[Opening Data excerpts section]

text \<open>The trapezoid rule with \<open>M\<close> panels integrates \<open>cos (n t)\<close>, \<open>0 < \<bar>n\<bar> < 4 M\<close> even, exactly over a
  half period.\<close>
lemma trapezoid_sum_cos_eq_0:
  fixes n :: int
  assumes "even n" and "n \<noteq> 0" and "\<bar>n\<bar> < 4 * int M"
  shows "(\<Sum>i=0..int M. trapezoid_weight M i * cos (of_int n * of_int i * pi / (2 * real M))) = 0"
proof -
  define y where "y = of_int n * pi / (2 * real M)"
  have M: "M > 0"
    using assms(2,3) by simp
  have sin_ne_0: "sin (y / 2) \<noteq> 0"
    using sin_pi_ratio_ne_0[of n "4 * M"] assms(2,3) by (simp add: y_def)
  have "sin ((real M + 1 / 2) * y) = cos (real M * y) * sin (y / 2)"
  proof -
    obtain k where "n = 2 * k"
      using assms(1) by blast
    hence "real M * y = pi * of_int k"
      using M by (simp add: y_def field_simps)
    thus ?thesis
      by (simp add: distrib_right sin_add)
  qed
  hence "sin (y / 2) * (2 * (\<Sum>j\<le>M. cos (real j * y)) - (1 + cos (real M * y))) = 0"
    using sum_cos_Dirichlet[of y M] by (simp add: algebra_simps)
  hence cos_sum: "(\<Sum>j\<le>M. cos (real j * y)) = (1 + cos (real M * y)) / 2"
    using sin_ne_0 by simp
  have "{0..int M} = int ` {..M}"
    by (simp add: image_int_atLeastAtMost atMost_atLeast0)
  hence "(\<Sum>i=0..int M. trapezoid_weight M i * cos (of_int n * of_int i * pi / (2 * real M)))
      = (\<Sum>j\<le>M. trapezoid_weight M (int j) * cos (real j * y))"
    by (simp add: sum.reindex y_def mult_ac)
  also have "\<dots> = (\<Sum>j\<le>M. cos (real j * y) / real M - (if j = 0 then 1 / (2 * real M) else 0)
                     - (if j = M then cos (real M * y) / (2 * real M) else 0))"
    using M by (intro sum.cong) (auto simp: trapezoid_weight_def field_simps)
  also have "\<dots> = (\<Sum>j\<le>M. cos (real j * y)) / real M - (1 + cos (real M * y)) / (2 * real M)"
    by (simp add: sum_subtractf sum_divide_distrib add_divide_distrib)
  finally show ?thesis
    by (simp add: cos_sum)
qed

definition Idx_row :: "nat \<Rightarrow> nat \<Rightarrow> int \<Rightarrow> int set" where
  "Idx_row m1 m2 i1 = parity_window (- 2 * int m2) (if i1 = int m1 then m2 else 2 * m2) i1"

lemma Idx_eq_Sigma: "Idx m1 m2 = Sigma {0..int m1} (Idx_row m1 m2)"
  by (auto simp: Idx_def Idx_row_def parity_window_def split: if_splits)

lemma Gam_eq_Sigma: "Gam m1 m2 = Sigma {0..2 * int m1} (parity_window (- int m2) m2)"
  by (auto simp: Gam_def parity_window_def add.commute)

lemma finite_Idx_row: "finite (Idx_row m1 m2 i1)"
  by (simp add: Idx_row_def finite_parity_window)

lemma finite_Idx: "finite (Idx m1 m2)"
  by (simp add: Idx_eq_Sigma finite_Idx_row)

lemma finite_Gam: "finite (Gam m1 m2)"
  by (simp add: Gam_eq_Sigma finite_parity_window)

lemma card_Gam_eq_card_Idx: "card (Gam m1 m2) = card (Idx m1 m2)"
proof -
  have "card (Idx m1 m2) = (\<Sum>i1=0..int m1. if i1 = int m1 then m2 else 2 * m2)"
    by (simp add: Idx_eq_Sigma card_SigmaI finite_parity_window Idx_row_def card_parity_window)
  also have "\<dots> = m2 + 2 * m1 * m2"
  proof -
    have "{0..int m1} = insert (int m1) {0..<int m1}"
      by auto
    thus ?thesis
      by simp
  qed
  finally have "card (Idx m1 m2) = m2 + 2 * m1 * m2" .
  moreover have "card (Gam m1 m2) = (2 * m1 + 1) * m2"
    using nat_int_add[of "2 * m1" 1]
    by (simp add: Gam_eq_Sigma card_SigmaI finite_parity_window card_parity_window)
  ultimately show ?thesis
    by simp
qed

lemma wt_times_card_Idx_row:
  assumes "m1 \<ge> 1" and "m2 \<ge> 1" and "i1 \<in> {0..int m1}"
  shows "wt m1 m2 (i1, i2) * real (card (Idx_row m1 m2 i1)) = trapezoid_weight m1 i1"
  using assms by (auto simp: wt_def Idx_row_def card_parity_window trapezoid_weight_def)

lemma trapezoid_sum_cos_mult_cos_eq_0:
  fixes a b :: int
  assumes "0 \<le> a" "a \<le> 2 * int M" "0 \<le> b" "b \<le> 2 * int M" "a \<noteq> b" "even (a + b)"
  shows "(\<Sum>i=0..int M. trapezoid_weight M i
           * (cos (of_int b * of_int i * pi / (2 * real M)) * cos (of_int a * of_int i * pi / (2 * real M)))) = 0"
proof -
  have "(\<Sum>i=0..int M. trapezoid_weight M i
           * (cos (of_int b * of_int i * pi / (2 * real M)) * cos (of_int a * of_int i * pi / (2 * real M))))
      = (\<Sum>i=0..int M. trapezoid_weight M i * cos (of_int (b - a) * of_int i * pi / (2 * real M))) / 2
        + (\<Sum>i=0..int M. trapezoid_weight M i * cos (of_int (b + a) * of_int i * pi / (2 * real M))) / 2"
    by (simp add: cos_times_cos sum_divide_distrib flip: sum.distrib) (simp add: algebra_simps add_divide_distrib diff_divide_distrib)
  also have "\<dots> = 0"
    using trapezoid_sum_cos_eq_0[of "b - a" M] trapezoid_sum_cos_eq_0[of "b + a" M] assms by fastforce
  finally show ?thesis .
qed

lemma chi_mult_cnj_chi:
  "chi m1 m2 (b, e') i * cnj (chi m1 m2 (a, e) i) =
     complex_of_real (cos (of_int b * of_int (fst i) * pi / (2 * real m1))
                      * cos (of_int a * of_int (fst i) * pi / (2 * real m1)))
     * cis (of_int (e' - e) * of_int (snd i) * pi / (2 * real m2))"
  unfolding chi_def cis_conv_exp[symmetric]
  by (simp add: cis_cnj cis_mult left_diff_distrib diff_divide_distrib)

lemma ipw_chi_eq_sum_rows:
  "ipw m1 m2 (chi m1 m2 (b, e')) (chi m1 m2 (a, e))
     = (\<Sum>i1=0..int m1. complex_of_real (wt m1 m2 (i1, 0)
                            * cos (of_int b * of_int i1 * pi / (2 * real m1))
                            * cos (of_int a * of_int i1 * pi / (2 * real m1)))
          * (\<Sum>i2\<in>Idx_row m1 m2 i1. cis (of_int (e' - e) * of_int i2 * pi / (2 * real m2))))"
proof -
  have "complex_of_real (wt m1 m2 i) * chi m1 m2 (b, e') i * cnj (chi m1 m2 (a, e) i)
      = complex_of_real (wt m1 m2 (fst i, 0) * cos (of_int b * of_int (fst i) * pi / (2 * real m1))
                         * cos (of_int a * of_int (fst i) * pi / (2 * real m1)))
        * cis (of_int (e' - e) * of_int (snd i) * pi / (2 * real m2))" for i
    by (simp add: mult.assoc chi_mult_cnj_chi wt_def)
  thus ?thesis
    by (simp add: ipw_def Idx_eq_Sigma sum.Sigma finite_Idx_row split_def sum_distrib_left)
qed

[Closing Data excerpts section]

## Activity
Every entry must appear again in the answer, exactly as written.

## Worked solution
text \<open>The trapezoid rule with \<open>M\<close> panels integrates \<open>cos (n t)\<close>, \<open>0 < \<bar>n\<bar> < 4 M\<close> even, exactly over a
  half period.\<close>
lemma trapezoid_sum_cos_eq_0:
  fixes n :: int
  assumes "even n" and "n \<noteq> 0" and "\<bar>n\<bar> < 4 * int M"
  shows "(\<Sum>i=0..int M. trapezoid_weight M i * cos (of_int n * of_int i * pi / (2 * real M))) = 0"
proof -
  define y where "y = of_int n * pi / (2 * real M)"
  have M: "M > 0"
    using assms(2,3) by simp
  have sin_ne_0: "sin (y / 2) \<noteq> 0"
    using sin_pi_ratio_ne_0[of n "4 * M"] assms(2,3) by (simp add: y_def)
  have "sin ((real M + 1 / 2) * y) = cos (real M * y) * sin (y / 2)"
  proof -
    obtain k where "n = 2 * k"
      using assms(1) by blast
    hence "real M * y = pi * of_int k"
      using M by (simp add: y_def field_simps)
    thus ?thesis
      by (simp add: distrib_right sin_add)
  qed
  hence "sin (y / 2) * (2 * (\<Sum>j\<le>M. cos (real j * y)) - (1 + cos (real M * y))) = 0"
    using sum_cos_Dirichlet[of y M] by (simp add: algebra_simps)
  hence cos_sum: "(\<Sum>j\<le>M. cos (real j * y)) = (1 + cos (real M * y)) / 2"
    using sin_ne_0 by simp
  have "{0..int M} = int ` {..M}"
    by (simp add: image_int_atLeastAtMost atMost_atLeast0)
  hence "(\<Sum>i=0..int M. trapezoid_weight M i * cos (of_int n * of_int i * pi / (2 * real M)))
      = (\<Sum>j\<le>M. trapezoid_weight M (int j) * cos (real j * y))"
    by (simp add: sum.reindex y_def mult_ac)
  also have "\<dots> = (\<Sum>j\<le>M. cos (real j * y) / real M - (if j = 0 then 1 / (2 * real M) else 0)
                     - (if j = M then cos (real M * y) / (2 * real M) else 0))"
    using M by (intro sum.cong) (auto simp: trapezoid_weight_def field_simps)
  also have "\<dots> = (\<Sum>j\<le>M. cos (real j * y)) / real M - (1 + cos (real M * y)) / (2 * real M)"
    by (simp add: sum_subtractf sum_divide_distrib add_divide_distrib)
  finally show ?thesis
    by (simp add: cos_sum)
qed

definition Idx_row :: "nat \<Rightarrow> nat \<Rightarrow> int \<Rightarrow> int set" where
  "Idx_row m1 m2 i1 = parity_window (- 2 * int m2) (if i1 = int m1 then m2 else 2 * m2) i1"

lemma Idx_eq_Sigma: "Idx m1 m2 = Sigma {0..int m1} (Idx_row m1 m2)"
  by (auto simp: Idx_def Idx_row_def parity_window_def split: if_splits)

lemma Gam_eq_Sigma: "Gam m1 m2 = Sigma {0..2 * int m1} (parity_window (- int m2) m2)"
  by (auto simp: Gam_def parity_window_def add.commute)

lemma finite_Idx_row: "finite (Idx_row m1 m2 i1)"
  by (simp add: Idx_row_def finite_parity_window)

lemma finite_Idx: "finite (Idx m1 m2)"
  by (simp add: Idx_eq_Sigma finite_Idx_row)

lemma finite_Gam: "finite (Gam m1 m2)"
  by (simp add: Gam_eq_Sigma finite_parity_window)

lemma card_Gam_eq_card_Idx: "card (Gam m1 m2) = card (Idx m1 m2)"
proof -
  have "card (Idx m1 m2) = (\<Sum>i1=0..int m1. if i1 = int m1 then m2 else 2 * m2)"
    by (simp add: Idx_eq_Sigma card_SigmaI finite_parity_window Idx_row_def card_parity_window)
  also have "\<dots> = m2 + 2 * m1 * m2"
  proof -
    have "{0..int m1} = insert (int m1) {0..<int m1}"
      by auto
    thus ?thesis
      by simp
  qed
  finally have "card (Idx m1 m2) = m2 + 2 * m1 * m2" .
  moreover have "card (Gam m1 m2) = (2 * m1 + 1) * m2"
    using nat_int_add[of "2 * m1" 1]
    by (simp add: Gam_eq_Sigma card_SigmaI finite_parity_window card_parity_window)
  ultimately show ?thesis
    by simp
qed

lemma wt_times_card_Idx_row:
  assumes "m1 \<ge> 1" and "m2 \<ge> 1" and "i1 \<in> {0..int m1}"
  shows "wt m1 m2 (i1, i2) * real (card (Idx_row m1 m2 i1)) = trapezoid_weight m1 i1"
  using assms by (auto simp: wt_def Idx_row_def card_parity_window trapezoid_weight_def)

lemma trapezoid_sum_cos_mult_cos_eq_0:
  fixes a b :: int
  assumes "0 \<le> a" "a \<le> 2 * int M" "0 \<le> b" "b \<le> 2 * int M" "a \<noteq> b" "even (a + b)"
  shows "(\<Sum>i=0..int M. trapezoid_weight M i
           * (cos (of_int b * of_int i * pi / (2 * real M)) * cos (of_int a * of_int i * pi / (2 * real M)))) = 0"
proof -
  have "(\<Sum>i=0..int M. trapezoid_weight M i
           * (cos (of_int b * of_int i * pi / (2 * real M)) * cos (of_int a * of_int i * pi / (2 * real M))))
      = (\<Sum>i=0..int M. trapezoid_weight M i * cos (of_int (b - a) * of_int i * pi / (2 * real M))) / 2
        + (\<Sum>i=0..int M. trapezoid_weight M i * cos (of_int (b + a) * of_int i * pi / (2 * real M))) / 2"
    by (simp add: cos_times_cos sum_divide_distrib flip: sum.distrib) (simp add: algebra_simps add_divide_distrib diff_divide_distrib)
  also have "\<dots> = 0"
    using trapezoid_sum_cos_eq_0[of "b - a" M] trapezoid_sum_cos_eq_0[of "b + a" M] assms by fastforce
  finally show ?thesis .
qed

lemma chi_mult_cnj_chi:
  "chi m1 m2 (b, e') i * cnj (chi m1 m2 (a, e) i) =
     complex_of_real (cos (of_int b * of_int (fst i) * pi / (2 * real m1))
                      * cos (of_int a * of_int (fst i) * pi / (2 * real m1)))
     * cis (of_int (e' - e) * of_int (snd i) * pi / (2 * real m2))"
  unfolding chi_def cis_conv_exp[symmetric]
  by (simp add: cis_cnj cis_mult left_diff_distrib diff_divide_distrib)

lemma ipw_chi_eq_sum_rows:
  "ipw m1 m2 (chi m1 m2 (b, e')) (chi m1 m2 (a, e))
     = (\<Sum>i1=0..int m1. complex_of_real (wt m1 m2 (i1, 0)
                            * cos (of_int b * of_int i1 * pi / (2 * real m1))
                            * cos (of_int a * of_int i1 * pi / (2 * real m1)))
          * (\<Sum>i2\<in>Idx_row m1 m2 i1. cis (of_int (e' - e) * of_int i2 * pi / (2 * real m2))))"
proof -
  have "complex_of_real (wt m1 m2 i) * chi m1 m2 (b, e') i * cnj (chi m1 m2 (a, e) i)
      = complex_of_real (wt m1 m2 (fst i, 0) * cos (of_int b * of_int (fst i) * pi / (2 * real m1))
                         * cos (of_int a * of_int (fst i) * pi / (2 * real m1)))
        * cis (of_int (e' - e) * of_int (snd i) * pi / (2 * real m2))" for i
    by (simp add: mult.assoc chi_mult_cnj_chi wt_def)
  thus ?thesis
    by (simp add: ipw_def Idx_eq_Sigma sum.Sigma finite_Idx_row split_def sum_distrib_left)
qed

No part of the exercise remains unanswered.